The government became worried as any responsible government should be when the best trained minds and bodies of their country were leaving for other countries as economic migrants. Which is not what they were called then. At that time they were called brain drain. By the time they had spent 20 years in exile and were returning to Nigeria to spend their retirement their totally untrained relations with no passports were trekking through the desert, swimming the Mediterranean Sea, crossing to anywhere in Europe.

Anyway, the government put together a committee to go to the different parts of the world that the brains of Nigeria had drained to and find out why Nigerians went there. They were to talk to the Nigerians there why they were there and the people of the country why Nigerians were there. Their reports should help the government to formulate policies that would keep Nigerians in Nigeria.

The different committees left for their different parts of the world. Nobody among the members of the committee came back. Therefore no reports.

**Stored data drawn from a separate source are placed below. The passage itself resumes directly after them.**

(* Assume $\clubsuit$. Then: (1) For every family $\{A_\alpha:\alpha<\omega_2\}$ of unbounded subsets of $\omega_1$ and every ordinal $\tau<\omega\cdot\omega$ there is $B\subseteq\omega_2$, $|B|=\aleph_2$, such that $\mathrm{otp}(\bigcap_{\alpha\in B}A_\alpha)\geq\tau$. (2) For every $\tau<\omega\cdot\omega$, $\binom{\omega_2}{\omega_1}\rightarrow\binom{\omega_2}{\tau}^{1,1}_{\aleph_0}$ holds.
   Context: $\clubsuit$ (tiltan) at $\aleph_1$: there is a sequence $\langle T_\alpha:\alpha\in\lim(\omega_1)\rangle$ such that each $T_\alpha$ is a cofinal subset of $\alpha$, and for every unbounded $A\subseteq\omega_1$ the set $\{\alpha: T_\alpha\subseteq A\}$ is stationary. The polarized relation $\binom{\alpha}{\beta}\rightarrow\binom{\gamma}{\delta}^{1,1}_\theta$ means: for every $c:\alpha\times\beta\to\theta$ there are $A\subseteq\alpha$ of order type $\gamma$ and $B\subseteq\beta$ of order type $\delta$ such that $c\restriction(A\times B)$ is constant. *)

theory Defs
  imports Main
begin

text \<open>omega_1 and omega_2 as initial well-orders (Cantor-style cardinal successors of natLeq = omega).\<close>
definition w1 :: "nat set rel" where "w1 = cardSuc natLeq"
definition w2 :: "nat set set rel" where "w2 = cardSuc w1"

definition omega_sq :: "(nat \<times> nat) rel" where
  "omega_sq = {((a,b),(c,d)). a < c \<or> (a = c \<and> b \<le> d)}"

definition unbounded1 :: "nat set set \<Rightarrow> bool" where
  "unbounded1 A \<longleftrightarrow> A \<subseteq> Field w1 \<and> (\<forall>x\<in>Field w1. \<exists>y\<in>A. (x,y) \<in> w1 \<and> y \<noteq> x)"

definition limit1 :: "nat set \<Rightarrow> bool" where
  "limit1 a \<longleftrightarrow> a \<in> Field w1 \<and> underS w1 a \<noteq> {} \<and>
     (\<forall>b\<in>underS w1 a. \<exists>c\<in>underS w1 a. b \<in> underS w1 c)"

definition closed1 :: "nat set set \<Rightarrow> bool" where
  "closed1 C \<longleftrightarrow> C \<subseteq> Field w1 \<and>
     (\<forall>a. limit1 a \<longrightarrow> (\<forall>b\<in>underS w1 a. \<exists>c\<in>C \<inter> underS w1 a. b \<in> underS w1 c) \<longrightarrow> a \<in> C)"

definition club1 :: "nat set set \<Rightarrow> bool" where
  "club1 C \<longleftrightarrow> closed1 C \<and> unbounded1 C"

definition stationary1 :: "nat set set \<Rightarrow> bool" where
  "stationary1 S \<longleftrightarrow> S \<subseteq> Field w1 \<and> (\<forall>C. club1 C \<longrightarrow> S \<inter> C \<noteq> {})"

definition clubsuit :: bool where
  "clubsuit \<longleftrightarrow> (\<exists>T :: nat set \<Rightarrow> nat set set.
     (\<forall>a. limit1 a \<longrightarrow> T a \<subseteq> underS w1 a \<and> (\<forall>b\<in>underS w1 a. \<exists>c\<in>T a. (b,c) \<in> w1)) \<and>
     (\<forall>A. unbounded1 A \<longrightarrow> stationary1 {a. limit1 a \<and> T a \<subseteq> A}))"

end

theory Submission
  imports Defs
begin

text \<open>
  By tiltan, every unbounded \<open>A\<^sub>\<alpha> \<subseteq> \<omega>\<^sub>1\<close> contains a guessing set \<open>T\<^sub>\<delta>\<close> with \<open>\<delta>\<close> above any
  prescribed \<open>\<beta>\<close>. There are only \<open>\<aleph>\<^sub>1\<close> possible \<open>\<delta>\<close>, so \<open>\<aleph>\<^sub>2\<close> many \<open>\<alpha>\<close> share one, and
  \<open>T\<^sub>\<delta>\<close>, being cofinal in the limit \<open>\<delta>\<close>, contains an \<open>\<omega>\<close>-sequence lying in all of these
  \<open>A\<^sub>\<alpha>\<close>. Repeating this above \<open>\<delta>\<close> finitely often gives \<open>\<aleph>\<^sub>2\<close> many \<open>\<alpha>\<close> whose common
  intersection has order type at least \<open>\<omega>\<cdot>n\<close>, which bounds every \<open>\<tau> < \<omega>\<cdot>\<omega>\<close>.

  For the partition relation, each row \<open>c(\<alpha>, -)\<close> has a colour class that is unbounded, since
  \<open>\<omega>\<^sub>1\<close> is not a countable union of bounded (hence countable) sets; \<open>\<aleph>\<^sub>2\<close> many rows
  share that colour, and the first part applied to their colour classes yields the
  homogeneous rectangle.
\<close>

unbundle cardinal_syntax

lemma w1_Card_order: "Card_order w1"
  unfolding w1_def by (simp add: cardSuc_Card_order natLeq_Card_order)

lemma w2_Card_order: "Card_order w2"
  unfolding w2_def by (simp add: cardSuc_Card_order w1_Card_order)

lemma w1_Well_order: "Well_order w1"
  using w1_Card_order card_order_on_well_order_on by blast

lemma infinite_Field_w1: "infinite (Field w1)"
  using Cinfinite_cardSuc[OF natLeq_Cinfinite] unfolding w1_def cinfinite_def by simp

lemma natLeq_ordLess_w1: "natLeq <o w1"
  unfolding w1_def by (rule cardSuc_greater[OF natLeq_Card_order])

lemma natLeq_ordLess_card_of_Field_w1: "natLeq <o |Field w1|"
  using natLeq_ordLess_w1 card_of_Field_ordIso[OF w1_Card_order]
  by (blast intro: ordLess_ordIso_trans ordIso_symmetric)

lemma w1_trans: "trans w1" and w1_antisym: "antisym w1"
  using w1_Well_order unfolding order_on_defs by auto

lemma w1_refl: "x \<in> Field w1 \<Longrightarrow> (x, x) \<in> w1"
  using w1_Well_order unfolding order_on_defs by (auto dest: refl_onD)

lemma w1_less_trans: "x \<in> underS w1 y \<Longrightarrow> y \<in> underS w1 z \<Longrightarrow> x \<in> underS w1 z"
  using w1_trans w1_antisym unfolding underS_def trans_def antisym_def by blast

lemma w1_le_less_trans: "(x, y) \<in> w1 \<Longrightarrow> y \<in> underS w1 z \<Longrightarrow> x \<in> underS w1 z"
  using w1_trans w1_antisym unfolding underS_def trans_def antisym_def by blast

lemma w1_less_le_trans: "x \<in> underS w1 y \<Longrightarrow> (y, z) \<in> w1 \<Longrightarrow> x \<in> underS w1 z"
  using w1_trans w1_antisym unfolding underS_def trans_def antisym_def by blast

lemma w1_less_linear:
  "x \<in> Field w1 \<Longrightarrow> y \<in> Field w1 \<Longrightarrow> (x, y) \<in> w1 \<or> y \<in> underS w1 x"
proof -
  have "Refl w1" "total_on (Field w1) w1"
    using w1_Well_order unfolding order_on_defs by auto
  then show "x \<in> Field w1 \<Longrightarrow> y \<in> Field w1 \<Longrightarrow> (x, y) \<in> w1 \<or> y \<in> underS w1 x"
    unfolding underS_def total_on_def by (cases "x = y") (auto dest: refl_onD)
qed

lemma w1_less_chain:
  assumes "\<And>k. g k \<in> underS w1 (g (Suc k))" and "k < k'"
  shows "g k \<in> underS w1 (g k')"
  using \<open>k < k'\<close>
proof (induction k')
  case (Suc k')
  then show ?case
    using assms(1) w1_less_trans by (cases "k = k'") auto
qed simp

section \<open>Comparing well-orders\<close>

lemma mem_aboveS_iff: "x \<in> aboveS r a \<longleftrightarrow> a \<in> underS r x"
  unfolding aboveS_def underS_def by blast

lemma underS_Restr_iff: "x \<in> underS (Restr r A) y \<longleftrightarrow> x \<in> underS r y \<and> x \<in> A \<and> y \<in> A"
  unfolding underS_def by blast

text \<open>A least \<open>x\<close> with \<open>\<phi> x < x\<close> would be undercut by \<open>\<phi> x\<close>.\<close>

lemma strict_mono_not_underS:
  assumes r: "Well_order r" and strict: "\<And>x y. x \<in> underS r y \<Longrightarrow> \<phi> x \<in> underS r (\<phi> y)"
  shows "\<phi> x \<notin> underS r x"
proof (induction x rule: wf_induct[OF conjunct2[OF r[unfolded well_order_on_def]]])
  case (1 x)
  show ?case
  proof
    assume less: "\<phi> x \<in> underS r x"
    then have "(\<phi> x, x) \<in> r - Id"
      unfolding underS_def by blast
    with 1 strict[OF less] show False
      by blast
  qed
qed

lemma ordLeq_if_strict_mono:
  assumes r: "Well_order r" and r': "Well_order r'"
    and maps: "h ` Field r \<subseteq> Field r'"
    and strict: "\<And>x y. x \<in> underS r y \<Longrightarrow> h x \<in> underS r' (h y)"
  shows "r \<le>o r'"
proof (rule ccontr)
  assume "\<not> r \<le>o r'"
  then have "r' <o r"
    using not_ordLeq_iff_ordLess r r' by blast
  then obtain a g where a: "a \<in> Field r" and g: "iso r' (Restr r (underS r a)) g"
    using ordLess_iff_ordIso_Restr[OF r r'] unfolding ordIso_def by blast
  have g_below: "g ` Field r' \<subseteq> underS r a"
    unfolding iso_Field[OF g] by (rule Field_Restr_subset)
  have g_strict: "g x \<in> underS r (g y)" if "x \<in> underS r' y" for x y
  proof -
    have "y \<in> Field r'"
      using that unfolding underS_def Field_def by blast
    moreover have "embed r' (Restr r (underS r a)) g"
      using g unfolding iso_def by simp
    ultimately have "g x \<in> underS (Restr r (underS r a)) (g y)"
      using embed_underS[OF r'] that unfolding bij_betw_def by blast
    then show ?thesis
      unfolding underS_Restr_iff by blast
  qed
  have "(g \<circ> h) a \<in> underS r a"
    using a maps g_below by auto
  moreover have "(g \<circ> h) a \<notin> underS r a"
    by (rule strict_mono_not_underS[OF r]) (simp add: g_strict strict)
  ultimately show False
    by blast
qed

lemma Restr_ordLeq_Restr:
  assumes "Well_order r" and "A \<subseteq> B"
  shows "Restr r A \<le>o Restr r B"
  by (rule ordLeq_if_strict_mono[where h = id, OF Well_order_Restr Well_order_Restr])
    (use assms in \<open>auto simp: underS_def Field_def\<close>)

lemma Restr_ordLeq: "Well_order r \<Longrightarrow> Restr r A \<le>o r"
  using Restr_ordLeq_Restr[of r A UNIV] by simp

lemma ordLeq_Restr_imp_ordIso_Restr:
  assumes r: "Well_order r" and "\<tau> \<le>o Restr r A"
  shows "\<exists>Y \<subseteq> A \<inter> Field r. Restr r Y =o \<tau>"
proof -
  obtain f where f: "embed \<tau> (Restr r A) f" and \<tau>: "Well_order \<tau>"
    using assms(2) unfolding ordLeq_def by blast
  let ?Y = "f ` Field \<tau>"
  have rA: "Well_order (Restr r A)"
    using Well_order_Restr[OF r] .
  have Y: "?Y \<subseteq> A \<inter> Field r"
    using embed_Field[OF f] unfolding Field_def by blast
  then have "Restr (Restr r A) ?Y = Restr r ?Y"
    by blast
  moreover have "iso \<tau> (Restr (Restr r A) ?Y) f"
    using embed_implies_iso_Restr[OF rA \<tau> f] .
  ultimately have "iso \<tau> (Restr r ?Y) f"
    by simp
  then have "\<tau> =o Restr r ?Y"
    using \<tau> Well_order_Restr[OF r] unfolding ordIso_def by blast
  then have "Restr r ?Y =o \<tau>"
    by (rule ordIso_symmetric)
  with Y show ?thesis
    by blast
qed

lemma Restr_ordIso_if_card_of_ordIso:
  assumes r: "Card_order r" and B: "B \<subseteq> Field r" and card: "|B| =o r"
  shows "Restr r B =o r"
proof -
  have wo: "Well_order r"
    using r card_order_on_well_order_on by blast
  have "Field (Restr r B) = B"
    using Refl_Field_Restr2[OF _ B] wo unfolding order_on_defs by blast
  then have "well_order_on B (Restr r B)"
    using Well_order_Restr[OF wo, of B] by simp
  then have "r \<le>o Restr r B"
    using card_of_least ordIso_ordLeq_trans ordIso_symmetric[OF card] by blast
  then show ?thesis
    using Restr_ordLeq[OF wo] ordIso_iff_ordLeq by blast
qed

section \<open>Cardinality arguments\<close>

lemma card_of_under_cardSuc:
  assumes r: "Card_order r" and inf: "infinite (Field r)"
  shows "|under (cardSuc r) b| \<le>o r"
proof (cases "b \<in> Field (cardSuc r)")
  case True
  have "|underS (cardSuc r) b| \<le>o r"
    using card_of_underS[OF cardSuc_Card_order[OF r] True]
      cardSuc_ordLeq_ordLess[OF r card_of_Card_order] by blast
  moreover have "|{b}| \<le>o r"
    using inf card_of_singl_ordLeq card_of_Field_ordIso[OF r] ordLeq_ordIso_trans
    by (metis finite.emptyI)
  ultimately have "|underS (cardSuc r) b \<union> {b}| \<le>o r"
    using card_of_Un_ordLeq_infinite_Field inf r by blast
  moreover have "under (cardSuc r) b = underS (cardSuc r) b \<union> {b}"
    using Refl_under_underS[OF _ True] cardSuc_Card_order[OF r]
    unfolding card_order_on_def order_on_defs by blast
  ultimately show ?thesis by simp
next
  case False
  then have "under (cardSuc r) b = {}"
    unfolding under_def Field_def by blast
  then show ?thesis
    using card_of_empty1[of r] r by simp
qed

Seriously speaking, is any of the three scenes here presented funny? Funny ha-ha or funny hmmm? Like you are not sure?

There is one of two ways to look at these three scenes: they are either comic presentations or else tragic presentations. First as comedy. But it is comedy of a special sort – comedy of the absurd.

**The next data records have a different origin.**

lemma matrix_vector_mult_uminus: "(- A) *v x = - (A *v (x :: 'a::ring_1^_))"
  by (simp add: matrix_vector_mult_def vec_eq_iff sum_negf)

lemma matrix_vector_mult_uminus_right: "A *v (- x) = - (A *v (x :: 'a::ring_1^_))"
  by (simp add: matrix_vector_mult_def vec_eq_iff sum_negf)

lemma inner_matrix_vector_transpose: "(A *v x) \<bullet> (y :: real^_) = x \<bullet> (transpose A *v y)"
  by (metis dot_lmul_matrix inner_commute transpose_matrix_vector)

lemma inner_symmetric_matrix: "transpose Y = Y \<Longrightarrow> x \<bullet> (Y *v y) = (Y *v x) \<bullet> (y :: real^_)"
  by (simp only: inner_matrix_vector_transpose)

lemma invertible_matrix_inv:
  fixes A :: "'a::semiring_1^'n^'n"
  assumes "invertible A"
  shows "A ** matrix_inv A = mat 1" "matrix_inv A ** A = mat 1"
proof -
  have "\<exists>A'. A ** A' = mat 1 \<and> A' ** A = mat 1"
    using assms by (simp add: invertible_def)
  then have "A ** matrix_inv A = mat 1 \<and> matrix_inv A ** A = mat 1"
    unfolding matrix_inv_def by (rule someI_ex)
  then show "A ** matrix_inv A = mat 1" "matrix_inv A ** A = mat 1" by auto
qed

lemma matrix_inv_unique:
  fixes A :: "'a::semiring_1^'n^'n"
  assumes "A ** B = mat 1" "B ** A = mat 1"
  shows "matrix_inv A = B"
proof -
  have "invertible A" using assms by (auto simp: invertible_def)
  then have "matrix_inv A = matrix_inv A ** (A ** B)" using assms by simp
  also have "\<dots> = B"
    using invertible_matrix_inv[OF \<open>invertible A\<close>] by (simp add: matrix_mul_assoc)
  finally show ?thesis .
qed

lemma pos_def_nonneg: "pos_def Y \<Longrightarrow> 0 \<le> x \<bullet> (Y *v x)"
  unfolding pos_def_def by (cases "x = 0") (auto intro: less_imp_le)

lemma pos_def_eq_0_iff: "pos_def Y \<Longrightarrow> x \<bullet> (Y *v x) = 0 \<longleftrightarrow> x = 0"
  unfolding pos_def_def by force

lemma pos_def_mult_right_cancel:
  assumes Y: "pos_def Y" and "\<And>x. (C ** Y) *v x = 0"
  shows "C = 0"
proof -
  obtain R where "Y ** R = mat 1"
    using pos_def_eq_0_iff[OF Y] by (metis matrix_left_invertible_ker matrix_left_right_inverse
        matrix_vector_mult_0_right inner_zero_right)
  then have "C *v y = 0 *v y" for y
    using assms(2) by (metis matrix_vector_mul_assoc matrix_vector_mul_lid matrix_vector_mult_0)
  then show "C = 0" using matrix_eq by blast
qed

section \<open>Block decomposition\<close>

lemma sum_UNIV_Plus:
  "sum f (UNIV :: ('a::finite + 'b::finite) set) = (\<Sum>a\<in>UNIV. f (Inl a)) + (\<Sum>b\<in>UNIV. f (Inr b))"
  by (subst UNIV_Plus_UNIV[symmetric], subst sum.Plus) (auto simp: o_def)

lemma blk_mult:
  fixes g h :: "'n::finite smat"
  shows "blkA (g ** h) = blkA g ** blkA h + blkB g ** blkC h"
    "blkB (g ** h) = blkA g ** blkB h + blkB g ** blkD h"
    "blkC (g ** h) = blkC g ** blkA h + blkD g ** blkC h"
    "blkD (g ** h) = blkC g ** blkB h + blkD g ** blkD h"
  by (simp_all add: blkA_def blkB_def blkC_def blkD_def matrix_matrix_mult_def vec_eq_iff sum_UNIV_Plus)

lemma blk_transpose:
  fixes g :: "'n::finite smat"
  shows "blkA (transpose g) = transpose (blkA g)" "blkB (transpose g) = transpose (blkC g)"
    "blkC (transpose g) = transpose (blkB g)" "blkD (transpose g) = transpose (blkD g)"
  by (simp_all add: blkA_def blkB_def blkC_def blkD_def transpose_def vec_eq_iff)

lemma blk_blockmat:
  "blkA (blockmat A B C D) = A" "blkB (blockmat A B C D) = B"
  "blkC (blockmat A B C D) = C" "blkD (blockmat A B C D) = D"
  by (simp_all add: blkA_def blkB_def blkC_def blkD_def blockmat_def vec_eq_iff)

lemma blockmat_blk: "blockmat (blkA g) (blkB g) (blkC g) (blkD g) = g"
  by (simp add: blkA_def blkB_def blkC_def blkD_def blockmat_def vec_eq_iff split: sum.split)

lemma blk_eq_iff:
  "g = h \<longleftrightarrow> blkA g = blkA h \<and> blkB g = blkB h \<and> blkC g = blkC h \<and> blkD g = blkD h"
  by (metis blockmat_blk)

lemma blk_uminus:
  fixes g :: "'n::finite smat"
  shows "blkA (- g) = - blkA g" "blkB (- g) = - blkB g" "blkC (- g) = - blkC g" "blkD (- g) = - blkD g"
  by (simp_all add: blkA_def blkB_def blkC_def blkD_def vec_eq_iff)

lemma blk_mat1:
  "blkA (mat 1 :: 'n::finite smat) = mat 1" "blkB (mat 1 :: 'n::finite smat) = 0"
  "blkC (mat 1 :: 'n::finite smat) = 0" "blkD (mat 1 :: 'n::finite smat) = mat 1"
  by (simp_all add: blkA_def blkB_def blkC_def blkD_def vec_eq_iff mat_def)

lemma blk_Jmat:
  "blkA (Jmat :: 'n::finite smat) = 0" "blkB (Jmat :: 'n::finite smat) = mat 1"
  "blkC (Jmat :: 'n::finite smat) = - mat 1" "blkD (Jmat :: 'n::finite smat) = 0"
  by (simp_all add: Jmat_def blk_blockmat)

definition blockvec :: "real^'n \<Rightarrow> real^'n \<Rightarrow> real^('n + 'n)" where
  "blockvec x y = (\<chi> i. case i of Inl a \<Rightarrow> x $ a | Inr b \<Rightarrow> y $ b)"

lemma matrix_vector_mult_blockvec:
  fixes g :: "'n::finite smat"
  shows "g *v blockvec x y = blockvec (blkA g *v x + blkB g *v y) (blkC g *v x + blkD g *v y)"
  by (simp add: blockvec_def blkA_def blkB_def blkC_def blkD_def matrix_vector_mult_def
      vec_eq_iff sum_UNIV_Plus split: sum.split)

lemma inner_blockvec: "blockvec x y \<bullet> blockvec x' y' = x \<bullet> x' + y \<bullet> (y' :: real^'n::finite)"
  by (simp add: blockvec_def inner_vec_def sum_UNIV_Plus)

lemma Jmat_blockvec: "Jmat *v blockvec x y = blockvec y (- x)"
  by (simp add: matrix_vector_mult_blockvec blk_Jmat matrix_vector_mult_uminus)

section \<open>Symplectic matrices\<close>

lemma symplectic_blocks:
  fixes g :: "'n::finite smat"
  assumes "symplectic g"
  shows "transpose (blkA g) ** blkD g - transpose (blkC g) ** blkB g = mat 1"
proof -
  have "blkB (transpose g ** Jmat ** g) = mat 1"
    using assms by (simp add: symplectic_def blk_Jmat)
  then show ?thesis
    by (simp add: blk_mult blk_transpose blk_Jmat matrix_minus_left matrix_minus_right)
qed

lemma symplectic_form_invariant:
  assumes "symplectic g"
  shows "(g *v p) \<bullet> (Jmat *v (g *v q)) = p \<bullet> (Jmat *v q)"
proof -
  have "(g *v p) \<bullet> (Jmat *v (g *v q)) = p \<bullet> ((transpose g ** Jmat ** g) *v q)"
    by (simp add: inner_matrix_vector_transpose matrix_vector_mul_assoc matrix_mul_assoc
        del: transpose_matrix_vector)
  then show ?thesis using assms by (simp add: symplectic_def)
qed

lemma symplectic_mult:
  assumes "symplectic g" "symplectic h"
  shows "symplectic (g ** h)"
proof -
  have "transpose (g ** h) ** Jmat ** (g ** h) = transpose h ** (transpose g ** Jmat ** g) ** h"
    by (simp add: matrix_transpose_mul matrix_mul_assoc)
  then show ?thesis using assms by (simp add: symplectic_def)
qed

lemma Jmat_square: "(Jmat :: 'n::finite smat) ** Jmat = - mat 1"
  by (simp add: blk_eq_iff blk_mult blk_Jmat blk_uminus blk_mat1 matrix_minus_left matrix_minus_right)

definition sp_inv :: "'n::finite smat \<Rightarrow> 'n smat" where
  "sp_inv g = - (Jmat ** transpose g ** Jmat)"

lemma sp_inv_left: "symplectic g \<Longrightarrow> sp_inv g ** g = mat 1"
  unfolding sp_inv_def symplectic_def
  by (simp add: matrix_minus_left matrix_mul_assoc[symmetric] Jmat_square)

lemma sp_inv_right: "symplectic g \<Longrightarrow> g ** sp_inv g = mat 1"
  using sp_inv_left matrix_left_right_inverse by blast

lemma symplectic_sp_inv:
  assumes "symplectic g"
  shows "symplectic (sp_inv g)"
proof -
  let ?k = "sp_inv g"
  have "transpose ?k ** Jmat ** ?k = transpose ?k ** (transpose g ** Jmat ** g) ** ?k"
    using assms by (simp add: symplectic_def)
  also have "\<dots> = transpose (g ** ?k) ** Jmat ** (g ** ?k)"
    by (simp add: matrix_transpose_mul matrix_mul_assoc)
  finally show ?thesis
    using sp_inv_right[OF assms] by (simp add: symplectic_def)
qed

section \<open>Integrality and congruences\<close>

lemma congr_refl: "congr N x x"
  unfolding congr_def by (rule exI[of _ 0]) simp

lemma congr_add: "congr N x y \<Longrightarrow> congr N x' y' \<Longrightarrow> congr N (x + x') (y + y')"
  unfolding congr_def
proof (elim exE)
  fix k k' assume "x - y = of_int (N * k)" "x' - y' = of_int (N * k')"
  then have "x + x' - (y + y') = of_int (N * (k + k'))" by (simp add: algebra_simps)
  then show "\<exists>k. x + x' - (y + y') = of_int (N * k)" ..
qed

lemma congr_uminus: "congr N x y \<Longrightarrow> congr N (- x) (- y)"
  unfolding congr_def
proof (elim exE)
  fix k assume "x - y = of_int (N * k)"
  then have "- x - (- y) = of_int (N * (- k))" by (simp add: algebra_simps)
  then show "\<exists>k. - x - (- y) = of_int (N * k)" ..
qed

lemma congr_mult:
  assumes "x \<in> \<int>" "y' \<in> \<int>" "congr N x y" "congr N x' y'"
  shows "congr N (x * x') (y * y')"
proof -
  obtain k k' where k: "x - y = of_int (N * k)" and k': "x' - y' = of_int (N * k')"
    using assms(3,4) by (auto simp: congr_def)
  obtain a b where a: "x = of_int a" and b: "y' = of_int b"
    using assms(1,2) Ints_cases by metis
  have "x * x' - y * y' = x * (x' - y') + (x - y) * y'" by (simp add: algebra_simps)
  also have "\<dots> = of_int (N * (a * k' + k * b))" using k k' a b by (simp add: algebra_simps)
  finally show ?thesis unfolding congr_def by blast
qed

lemma congr_sum:
  "finite A \<Longrightarrow> (\<And>i. i \<in> A \<Longrightarrow> congr N (f i) (g i)) \<Longrightarrow> congr N (sum f A) (sum g A)"
  by (induction A rule: finite_induct) (auto intro: congr_add congr_refl)

lemma congr_dvd: "congr (N * M) x y \<Longrightarrow> congr N x y"
  unfolding congr_def
proof (elim exE)
  fix k assume "x - y = of_int (N * M * k)"
  then have "x - y = of_int (N * (M * k))" by (simp add: mult.assoc)
  then show "\<exists>k. x - y = of_int (N * k)" ..
qed

lemma int_matrix_mult: "int_matrix A \<Longrightarrow> int_matrix B \<Longrightarrow> int_matrix (A ** B)"
  unfolding int_matrix_def matrix_matrix_mult_def by (auto intro!: Ints_sum Ints_mult)

lemma int_matrix_transpose: "int_matrix A \<Longrightarrow> int_matrix (transpose A)"
  unfolding int_matrix_def transpose_def by auto

lemma int_matrix_uminus: "int_matrix A \<Longrightarrow> int_matrix (- A)"
  unfolding int_matrix_def by auto

lemma int_matrix_mat1: "int_matrix (mat 1)"
  unfolding int_matrix_def mat_def by auto

lemma int_matrix_Jmat: "int_matrix Jmat"
  unfolding int_matrix_def Jmat_def blockmat_def mat_def by (auto split: sum.split)

lemma int_matrix_blocks:
  assumes "int_matrix g"
  shows "int_matrix (blkA g)" "int_matrix (blkB g)" "int_matrix (blkC g)" "int_matrix (blkD g)"
  using assms by (auto simp: int_matrix_def blkA_def blkB_def blkC_def blkD_def)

A member of an elected House of Representatives supposed to make laws for the country displaying his wives and children to his fellow elected representatives must look and sound absurd. In the second scene a group of people asked to go for one purpose who went for another is pure absurdity. And the third scene relates to the second in that again people sent to go for one purpose arrived for different purposes. In the meantime we are all waiting for the people of the country to begin to get out of the absurdity and do the right thing.

Which is why the other view of tragedy comes in. Tragedy has many definitions. There is one in Chinua Achebe’s No Longer at Ease which goes thus: a bowl of wormwood from which one drinks world without end. This kind of tragedy has no reprieve. It has no room for the flair and creativity of the player. The tragedy we hope for here, neighbour of the companion comedy above is where there is a flaw in a character. It leads to misbehaviour and the misbehaviour leads to tragedy of the above scenes. As soon as we have corrected the flaw in that character we would have fixed our problem.

If we look at our situation as comedy we would do nothing about it. The ensuing laughter will exhausts us as it has done us for decades. If we look at our situation the Achebean way, we are lost forever with no possibility of any form of redemption. If we look at our situation as one of a temporary flaw then there is salvation yet for us. We will correct our flaw and go forward with new energy and bold inspiration. So, let’s stop laughing and get down to work.